> Your goal
Please reproduce each line of the data below exactly as shown.

> Collected data
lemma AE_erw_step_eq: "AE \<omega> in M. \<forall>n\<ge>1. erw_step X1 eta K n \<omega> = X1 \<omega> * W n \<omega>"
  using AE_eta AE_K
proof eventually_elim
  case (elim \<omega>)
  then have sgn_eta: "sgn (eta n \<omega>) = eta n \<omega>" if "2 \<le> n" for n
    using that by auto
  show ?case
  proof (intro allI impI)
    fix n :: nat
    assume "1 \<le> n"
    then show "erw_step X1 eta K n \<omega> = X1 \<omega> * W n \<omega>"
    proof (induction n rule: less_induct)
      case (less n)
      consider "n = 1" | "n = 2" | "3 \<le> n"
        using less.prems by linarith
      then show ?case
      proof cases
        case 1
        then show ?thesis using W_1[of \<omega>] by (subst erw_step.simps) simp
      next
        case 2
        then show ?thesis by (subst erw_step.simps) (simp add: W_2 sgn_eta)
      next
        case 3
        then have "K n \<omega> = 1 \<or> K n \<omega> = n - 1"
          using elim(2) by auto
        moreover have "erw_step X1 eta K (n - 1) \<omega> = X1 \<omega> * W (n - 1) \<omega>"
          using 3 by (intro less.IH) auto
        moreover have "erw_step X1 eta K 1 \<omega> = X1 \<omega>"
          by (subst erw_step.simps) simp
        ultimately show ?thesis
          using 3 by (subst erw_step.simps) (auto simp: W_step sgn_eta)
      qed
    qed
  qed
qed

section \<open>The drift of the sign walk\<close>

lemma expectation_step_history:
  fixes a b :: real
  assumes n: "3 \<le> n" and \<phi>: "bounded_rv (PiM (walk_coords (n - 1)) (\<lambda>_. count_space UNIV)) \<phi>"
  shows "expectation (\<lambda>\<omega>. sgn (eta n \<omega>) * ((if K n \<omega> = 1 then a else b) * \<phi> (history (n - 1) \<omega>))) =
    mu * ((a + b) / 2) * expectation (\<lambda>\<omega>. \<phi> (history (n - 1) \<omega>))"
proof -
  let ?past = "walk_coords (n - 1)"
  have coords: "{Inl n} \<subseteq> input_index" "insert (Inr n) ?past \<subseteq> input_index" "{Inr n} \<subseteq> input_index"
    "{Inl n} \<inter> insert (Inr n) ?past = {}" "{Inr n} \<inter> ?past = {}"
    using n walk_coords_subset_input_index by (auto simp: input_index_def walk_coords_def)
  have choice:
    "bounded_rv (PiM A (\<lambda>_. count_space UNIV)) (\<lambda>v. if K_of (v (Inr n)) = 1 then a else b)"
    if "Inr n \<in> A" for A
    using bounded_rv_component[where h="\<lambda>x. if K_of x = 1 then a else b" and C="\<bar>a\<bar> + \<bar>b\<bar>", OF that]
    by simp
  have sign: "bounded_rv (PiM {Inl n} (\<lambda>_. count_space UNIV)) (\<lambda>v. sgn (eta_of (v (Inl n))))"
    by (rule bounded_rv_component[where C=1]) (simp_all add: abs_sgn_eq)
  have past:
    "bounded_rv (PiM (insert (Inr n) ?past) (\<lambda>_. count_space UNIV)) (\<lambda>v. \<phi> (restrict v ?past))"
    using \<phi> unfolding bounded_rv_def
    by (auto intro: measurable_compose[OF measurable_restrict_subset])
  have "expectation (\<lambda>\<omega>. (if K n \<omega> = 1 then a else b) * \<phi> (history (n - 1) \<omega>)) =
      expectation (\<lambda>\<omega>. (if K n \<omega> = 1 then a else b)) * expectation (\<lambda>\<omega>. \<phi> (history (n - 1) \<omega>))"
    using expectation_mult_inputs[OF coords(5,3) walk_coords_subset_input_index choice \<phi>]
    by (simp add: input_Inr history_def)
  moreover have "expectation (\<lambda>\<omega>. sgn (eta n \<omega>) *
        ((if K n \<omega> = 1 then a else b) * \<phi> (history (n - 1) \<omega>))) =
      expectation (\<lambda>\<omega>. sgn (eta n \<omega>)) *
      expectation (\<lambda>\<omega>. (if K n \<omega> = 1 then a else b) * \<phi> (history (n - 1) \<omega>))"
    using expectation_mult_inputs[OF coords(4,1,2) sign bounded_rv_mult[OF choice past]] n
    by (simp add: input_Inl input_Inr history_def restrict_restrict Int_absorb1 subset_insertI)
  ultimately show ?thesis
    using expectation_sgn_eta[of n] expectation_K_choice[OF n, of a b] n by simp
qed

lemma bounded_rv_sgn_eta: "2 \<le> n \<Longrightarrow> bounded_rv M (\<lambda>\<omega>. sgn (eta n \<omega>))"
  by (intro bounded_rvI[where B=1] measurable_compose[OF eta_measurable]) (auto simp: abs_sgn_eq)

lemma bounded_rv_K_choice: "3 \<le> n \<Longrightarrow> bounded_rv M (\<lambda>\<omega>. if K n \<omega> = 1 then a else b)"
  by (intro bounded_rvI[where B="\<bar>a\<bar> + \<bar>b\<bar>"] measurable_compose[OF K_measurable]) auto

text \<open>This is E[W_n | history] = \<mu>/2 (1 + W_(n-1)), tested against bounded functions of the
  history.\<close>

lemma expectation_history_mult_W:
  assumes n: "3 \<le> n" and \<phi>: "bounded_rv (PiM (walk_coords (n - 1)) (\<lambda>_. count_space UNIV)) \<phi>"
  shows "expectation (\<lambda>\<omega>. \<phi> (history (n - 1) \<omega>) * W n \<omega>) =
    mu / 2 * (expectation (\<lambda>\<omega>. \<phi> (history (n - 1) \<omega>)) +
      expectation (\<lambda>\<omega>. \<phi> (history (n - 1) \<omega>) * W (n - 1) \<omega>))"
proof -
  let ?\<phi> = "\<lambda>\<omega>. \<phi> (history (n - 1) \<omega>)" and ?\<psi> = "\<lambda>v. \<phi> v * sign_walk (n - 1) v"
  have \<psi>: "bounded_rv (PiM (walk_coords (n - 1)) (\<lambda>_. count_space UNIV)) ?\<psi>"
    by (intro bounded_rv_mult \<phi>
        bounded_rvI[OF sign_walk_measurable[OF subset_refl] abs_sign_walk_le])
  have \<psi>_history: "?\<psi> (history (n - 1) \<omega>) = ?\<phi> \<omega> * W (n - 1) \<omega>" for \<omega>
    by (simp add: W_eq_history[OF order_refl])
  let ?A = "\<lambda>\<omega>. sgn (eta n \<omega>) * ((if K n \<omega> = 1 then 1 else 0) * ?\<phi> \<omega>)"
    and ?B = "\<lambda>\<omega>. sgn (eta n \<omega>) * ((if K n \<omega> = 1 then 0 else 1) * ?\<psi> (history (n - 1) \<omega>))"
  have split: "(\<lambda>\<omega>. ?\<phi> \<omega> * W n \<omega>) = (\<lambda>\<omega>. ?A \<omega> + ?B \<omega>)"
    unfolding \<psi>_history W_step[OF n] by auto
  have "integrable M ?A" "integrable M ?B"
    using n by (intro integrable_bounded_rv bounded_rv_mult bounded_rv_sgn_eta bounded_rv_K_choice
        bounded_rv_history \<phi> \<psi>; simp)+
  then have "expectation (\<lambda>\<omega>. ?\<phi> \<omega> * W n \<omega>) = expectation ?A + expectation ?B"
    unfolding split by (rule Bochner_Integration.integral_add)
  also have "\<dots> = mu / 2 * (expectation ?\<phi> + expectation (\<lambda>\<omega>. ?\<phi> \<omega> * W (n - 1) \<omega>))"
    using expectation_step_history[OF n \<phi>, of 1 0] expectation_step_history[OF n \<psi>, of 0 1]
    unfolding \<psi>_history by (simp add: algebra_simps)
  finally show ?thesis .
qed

> Answer for the task
lemma AE_erw_step_eq: "AE \<omega> in M. \<forall>n\<ge>1. erw_step X1 eta K n \<omega> = X1 \<omega> * W n \<omega>"
  using AE_eta AE_K
proof eventually_elim
  case (elim \<omega>)
  then have sgn_eta: "sgn (eta n \<omega>) = eta n \<omega>" if "2 \<le> n" for n
    using that by auto
  show ?case
  proof (intro allI impI)
    fix n :: nat
    assume "1 \<le> n"
    then show "erw_step X1 eta K n \<omega> = X1 \<omega> * W n \<omega>"
    proof (induction n rule: less_induct)
      case (less n)
      consider "n = 1" | "n = 2" | "3 \<le> n"
        using less.prems by linarith
      then show ?case
      proof cases
        case 1
        then show ?thesis using W_1[of \<omega>] by (subst erw_step.simps) simp
      next
        case 2
        then show ?thesis by (subst erw_step.simps) (simp add: W_2 sgn_eta)
      next
        case 3
        then have "K n \<omega> = 1 \<or> K n \<omega> = n - 1"
          using elim(2) by auto
        moreover have "erw_step X1 eta K (n - 1) \<omega> = X1 \<omega> * W (n - 1) \<omega>"
          using 3 by (intro less.IH) auto
        moreover have "erw_step X1 eta K 1 \<omega> = X1 \<omega>"
          by (subst erw_step.simps) simp
        ultimately show ?thesis
          using 3 by (subst erw_step.simps) (auto simp: W_step sgn_eta)
      qed
    qed
  qed
qed

section \<open>The drift of the sign walk\<close>

lemma expectation_step_history:
  fixes a b :: real
  assumes n: "3 \<le> n" and \<phi>: "bounded_rv (PiM (walk_coords (n - 1)) (\<lambda>_. count_space UNIV)) \<phi>"
  shows "expectation (\<lambda>\<omega>. sgn (eta n \<omega>) * ((if K n \<omega> = 1 then a else b) * \<phi> (history (n - 1) \<omega>))) =
    mu * ((a + b) / 2) * expectation (\<lambda>\<omega>. \<phi> (history (n - 1) \<omega>))"
proof -
  let ?past = "walk_coords (n - 1)"
  have coords: "{Inl n} \<subseteq> input_index" "insert (Inr n) ?past \<subseteq> input_index" "{Inr n} \<subseteq> input_index"
    "{Inl n} \<inter> insert (Inr n) ?past = {}" "{Inr n} \<inter> ?past = {}"
    using n walk_coords_subset_input_index by (auto simp: input_index_def walk_coords_def)
  have choice:
    "bounded_rv (PiM A (\<lambda>_. count_space UNIV)) (\<lambda>v. if K_of (v (Inr n)) = 1 then a else b)"
    if "Inr n \<in> A" for A
    using bounded_rv_component[where h="\<lambda>x. if K_of x = 1 then a else b" and C="\<bar>a\<bar> + \<bar>b\<bar>", OF that]
    by simp
  have sign: "bounded_rv (PiM {Inl n} (\<lambda>_. count_space UNIV)) (\<lambda>v. sgn (eta_of (v (Inl n))))"
    by (rule bounded_rv_component[where C=1]) (simp_all add: abs_sgn_eq)
  have past:
    "bounded_rv (PiM (insert (Inr n) ?past) (\<lambda>_. count_space UNIV)) (\<lambda>v. \<phi> (restrict v ?past))"
    using \<phi> unfolding bounded_rv_def
    by (auto intro: measurable_compose[OF measurable_restrict_subset])
  have "expectation (\<lambda>\<omega>. (if K n \<omega> = 1 then a else b) * \<phi> (history (n - 1) \<omega>)) =
      expectation (\<lambda>\<omega>. (if K n \<omega> = 1 then a else b)) * expectation (\<lambda>\<omega>. \<phi> (history (n - 1) \<omega>))"
    using expectation_mult_inputs[OF coords(5,3) walk_coords_subset_input_index choice \<phi>]
    by (simp add: input_Inr history_def)
  moreover have "expectation (\<lambda>\<omega>. sgn (eta n \<omega>) *
        ((if K n \<omega> = 1 then a else b) * \<phi> (history (n - 1) \<omega>))) =
      expectation (\<lambda>\<omega>. sgn (eta n \<omega>)) *
      expectation (\<lambda>\<omega>. (if K n \<omega> = 1 then a else b) * \<phi> (history (n - 1) \<omega>))"
    using expectation_mult_inputs[OF coords(4,1,2) sign bounded_rv_mult[OF choice past]] n
    by (simp add: input_Inl input_Inr history_def restrict_restrict Int_absorb1 subset_insertI)
  ultimately show ?thesis
    using expectation_sgn_eta[of n] expectation_K_choice[OF n, of a b] n by simp
qed

lemma bounded_rv_sgn_eta: "2 \<le> n \<Longrightarrow> bounded_rv M (\<lambda>\<omega>. sgn (eta n \<omega>))"
  by (intro bounded_rvI[where B=1] measurable_compose[OF eta_measurable]) (auto simp: abs_sgn_eq)

lemma bounded_rv_K_choice: "3 \<le> n \<Longrightarrow> bounded_rv M (\<lambda>\<omega>. if K n \<omega> = 1 then a else b)"
  by (intro bounded_rvI[where B="\<bar>a\<bar> + \<bar>b\<bar>"] measurable_compose[OF K_measurable]) auto

text \<open>This is E[W_n | history] = \<mu>/2 (1 + W_(n-1)), tested against bounded functions of the
  history.\<close>

lemma expectation_history_mult_W:
  assumes n: "3 \<le> n" and \<phi>: "bounded_rv (PiM (walk_coords (n - 1)) (\<lambda>_. count_space UNIV)) \<phi>"
  shows "expectation (\<lambda>\<omega>. \<phi> (history (n - 1) \<omega>) * W n \<omega>) =
    mu / 2 * (expectation (\<lambda>\<omega>. \<phi> (history (n - 1) \<omega>)) +
      expectation (\<lambda>\<omega>. \<phi> (history (n - 1) \<omega>) * W (n - 1) \<omega>))"
proof -
  let ?\<phi> = "\<lambda>\<omega>. \<phi> (history (n - 1) \<omega>)" and ?\<psi> = "\<lambda>v. \<phi> v * sign_walk (n - 1) v"
  have \<psi>: "bounded_rv (PiM (walk_coords (n - 1)) (\<lambda>_. count_space UNIV)) ?\<psi>"
    by (intro bounded_rv_mult \<phi>
        bounded_rvI[OF sign_walk_measurable[OF subset_refl] abs_sign_walk_le])
  have \<psi>_history: "?\<psi> (history (n - 1) \<omega>) = ?\<phi> \<omega> * W (n - 1) \<omega>" for \<omega>
    by (simp add: W_eq_history[OF order_refl])
  let ?A = "\<lambda>\<omega>. sgn (eta n \<omega>) * ((if K n \<omega> = 1 then 1 else 0) * ?\<phi> \<omega>)"
    and ?B = "\<lambda>\<omega>. sgn (eta n \<omega>) * ((if K n \<omega> = 1 then 0 else 1) * ?\<psi> (history (n - 1) \<omega>))"
  have split: "(\<lambda>\<omega>. ?\<phi> \<omega> * W n \<omega>) = (\<lambda>\<omega>. ?A \<omega> + ?B \<omega>)"
    unfolding \<psi>_history W_step[OF n] by auto
  have "integrable M ?A" "integrable M ?B"
    using n by (intro integrable_bounded_rv bounded_rv_mult bounded_rv_sgn_eta bounded_rv_K_choice
        bounded_rv_history \<phi> \<psi>; simp)+
  then have "expectation (\<lambda>\<omega>. ?\<phi> \<omega> * W n \<omega>) = expectation ?A + expectation ?B"
    unfolding split by (rule Bochner_Integration.integral_add)
  also have "\<dots> = mu / 2 * (expectation ?\<phi> + expectation (\<lambda>\<omega>. ?\<phi> \<omega> * W (n - 1) \<omega>))"
    using expectation_step_history[OF n \<phi>, of 1 0] expectation_step_history[OF n \<psi>, of 0 1]
    unfolding \<psi>_history by (simp add: algebra_simps)
  finally show ?thesis .
qed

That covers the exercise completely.